Michael berdiri tak berdaya. Dia tidak bisa merobek pandangan, seakan-akan sebuah tangan masuk memegang otak dan pikiran, dan memaksanya menonton penderitaan sunyi. Aksi voyeurisme sakit.
Dia berusaha menggapai walkie-talkie di atas bahu. Dia mau melaporkan apa yang terjadi, yang kedua matanya tangkap. Tapi, teriakan di balik puluhan rak buku merampok fokus.
Michael lari menuju sumber suara, meninggalkan badan meleleh dan dingin sendirian. Koridor perpustakaan berubah pudar. Judul buku pada barisan rak-rak hilang, menyisakan lompatan huruf dan angka yang meneriakkan ‘lari’ dan ‘kabur’ lebih keras, selalu cepat. Saat Michael mencapai pusat suara, apa yang dia lihat menarik lepas sedikit detak jantung.
Badan menempel pada rak perpustakaan. Dua pasak besi sepanjang satu kaki utuh menusuk perut, organ dalam hancur bagaikan kertas basah yang dipijak sepatu, tembus hingga punggung dan memakunya bak lukisan klasik di bagian kosong rak buku. Kru kedua telah ditemukan. Jarum kecil tertancap pada pipi kiri wajah bertopeng.
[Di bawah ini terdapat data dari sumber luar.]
(* Let $\Lambda_1$ be a $k_1$-graph and $\Lambda_2$ a $k_2$-graph, and let $\Lambda_1\times\Lambda_2$ be their cartesian product $(k_1+k_2)$-graph. Then: (a) $\Lambda_1\times\Lambda_2$ is a row-finite $(k_1+k_2)$-graph with no sources if and only if $\Lambda_i$ is a row-finite $k_i$-graph with no sources for $i=1,2$; (b) $\Lambda_1\times\Lambda_2$ is aperiodic if and only if $\Lambda_1$ and $\Lambda_2$ are aperiodic; (c) $\Lambda_1\times\Lambda_2$ is strongly aperiodic if and only if $\Lambda_1$ and $\Lambda_2$ are strongly aperiodic.
   Context: A $k$-graph is a countable category $\Lambda$ with a functor $d:\Lambda\to\mathbb{N}^k$ satisfying the factorization property: whenever $d(\lambda)=m+n$ there are unique $\mu,\nu$ with $\lambda=\mu\nu$, $d(\mu)=m$, $d(\nu)=n$. $\Lambda^n=d^{-1}(n)$, $\Lambda^0$ the vertices, $r,s$ range and source, $v\Lambda^n=\{\lambda:r(\lambda)=v,d(\lambda)=n\}$. Row-finite: each $v\Lambda^n$ finite; no sources: $v\Lambda^{e_i}\neq\emptyset$ for all $v$ and all standard generators $e_i$. The cartesian product of a $k_1$-graph $(\Lambda_1,d_1)$ and a $k_2$-graph $(\Lambda_2,d_2)$ is the product category $\Lambda_1\times\Lambda_2$ with degree $(d_1\times d_2)(\lambda_1,\lambda_2)=(d_1(\lambda_1),d_2(\lambda_2))\in\mathbb{N}^{k_1}\times\mathbb{N}^{k_2}=\mathbb{N}^{k_1+k_2}$. For $0\le m\le n\le d(\lambda)$, $\lambda(m,n)$ is the unique path with $\lambda=\lambda'\lambda(m,n)\lambda''$, $d(\lambda')=m$, $d(\lambda(m,n))=n-m$. No local periodicity at $v$: for each $m\ne n\in\mathbb{N}^k$ there is $\lambda$ with $r(\lambda)=v$, $d(\lambda)\ge m\vee n$ and $\lambda(m,m+d(\lambda)-(m\vee n))\ne\lambda(n,n+d(\lambda)-(m\vee n))$ ($\vee$ coordinatewise max); aperiodic: no local periodicity at every vertex. $v\le w$ means some path has range $v$, source $w$; $H\subseteq\Lambda^0$ hereditary if $v\in H$, $v\le w$ imply $w\in H$; saturated if for every $v$: $r^{-1}(v)\ne\emptyset$ and $\{s(\lambda):\lambda\in v\Lambda^{e_i}\}\subseteq H$ for some $i$ imply $v\in H$. For saturated hereditary $H\subsetneq\Lambda^0$, $\Gamma(\Lambda\setminus H)$ is the $k$-graph with vertices $\Lambda^0\setminus H$ and morphisms $\{\lambda:s(\lambda)\notin H\}$. A row-finite $k$-graph with no sources is strongly aperiodic if $\Gamma(\Lambda\setminus H)$ is aperiodic for every saturated hereditary $H\subsetneq\Lambda^0$. *)

theory Defs
  imports "HOL-Library.Countable_Set"
begin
Michael hati-hati mendekatinya. Dia masih bernapas, kasar tapi hidup, dan semakin keras suaranya dengan setiap langkah maju diambil. Mata Michael lari dari satu sisi ke sisi lain, mengecek sudut kemungkinan serangan datang.
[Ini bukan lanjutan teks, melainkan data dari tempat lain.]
lemma bigo_diff_power:
  fixes f g r :: "'a \<Rightarrow> real"
  assumes f: "(\<lambda>x. f x - g x) \<in> O[F](r)" and g: "g \<in> O[F](\<lambda>_. 1)" and r: "r \<in> O[F](\<lambda>_. 1)"
  shows "(\<lambda>x. f x ^ m - g x ^ m) \<in> O[F](r)"
proof (induction m)
  case 0
  show ?case by simp
next
  case (Suc m)
  have "(\<lambda>x. g x ^ m) \<in> O[F](\<lambda>_. 1)" using landau_o.big_power[OF g, of m] by simp
  from bigo_diff_mult[OF f Suc g this r] show ?case by simp
qed

lemma bigo_1_from_diff:
  fixes f g r :: "'a \<Rightarrow> real"
  assumes "(\<lambda>x. f x - g x) \<in> O[F](r)" "g \<in> O[F](\<lambda>_. 1)" "r \<in> O[F](\<lambda>_. 1)"
  shows "f \<in> O[F](\<lambda>_. 1)"
proof -
  have "(\<lambda>x. f x - g x) \<in> O[F](\<lambda>_. 1)" using assms(1,3) by (rule landau_o.big_trans)
  from sum_in_bigo(1)[OF this assms(2)] show ?thesis by simp
qed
“Hei, Rico,” Michael buka suara saat wajah mereka satu jengkal dekatnya, dan sadar tidak ada serangan susulan. “Apa kau bisa mendengarku?”
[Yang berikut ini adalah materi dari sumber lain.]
(* Let $\Gamma$ be a finite simplicial graph and let $v_1,v_2,v_3$ be three consecutive vertices of a path in $\Gamma$ with $d(v_1,v_3)=2$. Let $f$ be a conjugating automorphism of $A_\Gamma$ with $f(v_1)=v_1$. Then $f(v_2)$ is represented by a reduced word $wv_2w^{-1}$ with $w\in\langle\mathrm{lk}(v_1)\rangle$, and $f(v_3)$ is represented by a reduced word $xyv_3y^{-1}x^{-1}$ with $x\in\langle\mathrm{lk}(v_1)\rangle$ and $y\in\langle\mathrm{st}(v_2)\rangle$.
   Context: $A_\Gamma$ is the right-angled Artin group with generators $V\Gamma$ and relations $[a,b]=1$ for edges $\{a,b\}$. $\mathrm{lk}(v)$ is the subgraph induced by the neighbours of $v$, $\mathrm{st}(v)$ that induced by $\mathrm{lk}(v)\cup\{v\}$, and for a subgraph $S$, $\langle S\rangle$ is the subgroup generated by its vertices. A word is reduced if it has minimal length among words representing the same element. An automorphism is conjugating if it maps each vertex generator to a conjugate of itself. *)

theory Defs
  imports "HOL-Algebra.Algebra"
begin

definition simplicial_graph :: "'v set \<Rightarrow> ('v \<Rightarrow> 'v \<Rightarrow> bool) \<Rightarrow> bool" where
  "simplicial_graph V E \<longleftrightarrow> finite V \<and> (\<forall>a b. E a b \<longrightarrow> a \<in> V \<and> b \<in> V \<and> a \<noteq> b \<and> E b a)"

definition walk :: "('v \<Rightarrow> 'v \<Rightarrow> bool) \<Rightarrow> 'v list \<Rightarrow> bool" where
  "walk E p \<longleftrightarrow> p \<noteq> [] \<and> (\<forall>i. Suc i < length p \<longrightarrow> E (p ! i) (p ! Suc i))"

text \<open>Combinatorial graph distance (number of edges of a shortest walk); only meaningful
for vertices of V joined by some walk.\<close>
definition graph_dist :: "'v set \<Rightarrow> ('v \<Rightarrow> 'v \<Rightarrow> bool) \<Rightarrow> 'v \<Rightarrow> 'v \<Rightarrow> nat" where
  "graph_dist V E u v = (LEAST n. \<exists>p. walk E p \<and> set p \<subseteq> V \<and> hd p = u \<and> last p = v \<and> length p = Suc n)"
Sang rekan tidak memberikan respon suara, hanya menoleh ke Michael, dan itupun menatap tanpa adanya fokus di mata.
“Hei, bisa kau-”
Uap panas menelan muka sang rekan, bocor lewat celah tipis jahitan linen topeng. Tingkat intensitasnya mendorong Michael mundur. Pembusukan si pria terjadi begitu cepat, akselerasinya terlalu lekas untuk diakibatkan faktor alami. Jarum lepas dari pipi, menciptakan suara unik besi hampa pada lantai kayu. Tidak seperti kru sebelumnya, pria ini tidak berteriak─malah menangis, mengeluarkan cairan kuning kental dari kedua mata.
Setiap sudut pakaian taktis yang dia kenakan dirembes cairan kental warna merah berbayang kuning─kontras sekali terhadap kain hitam bajunya─dari ruas bahu sampai batas mata kaki. Identik seperti di topeng, uap panas sesekali muntah dari segala macam bukaan, termasuk celah jahitan setipis apapun.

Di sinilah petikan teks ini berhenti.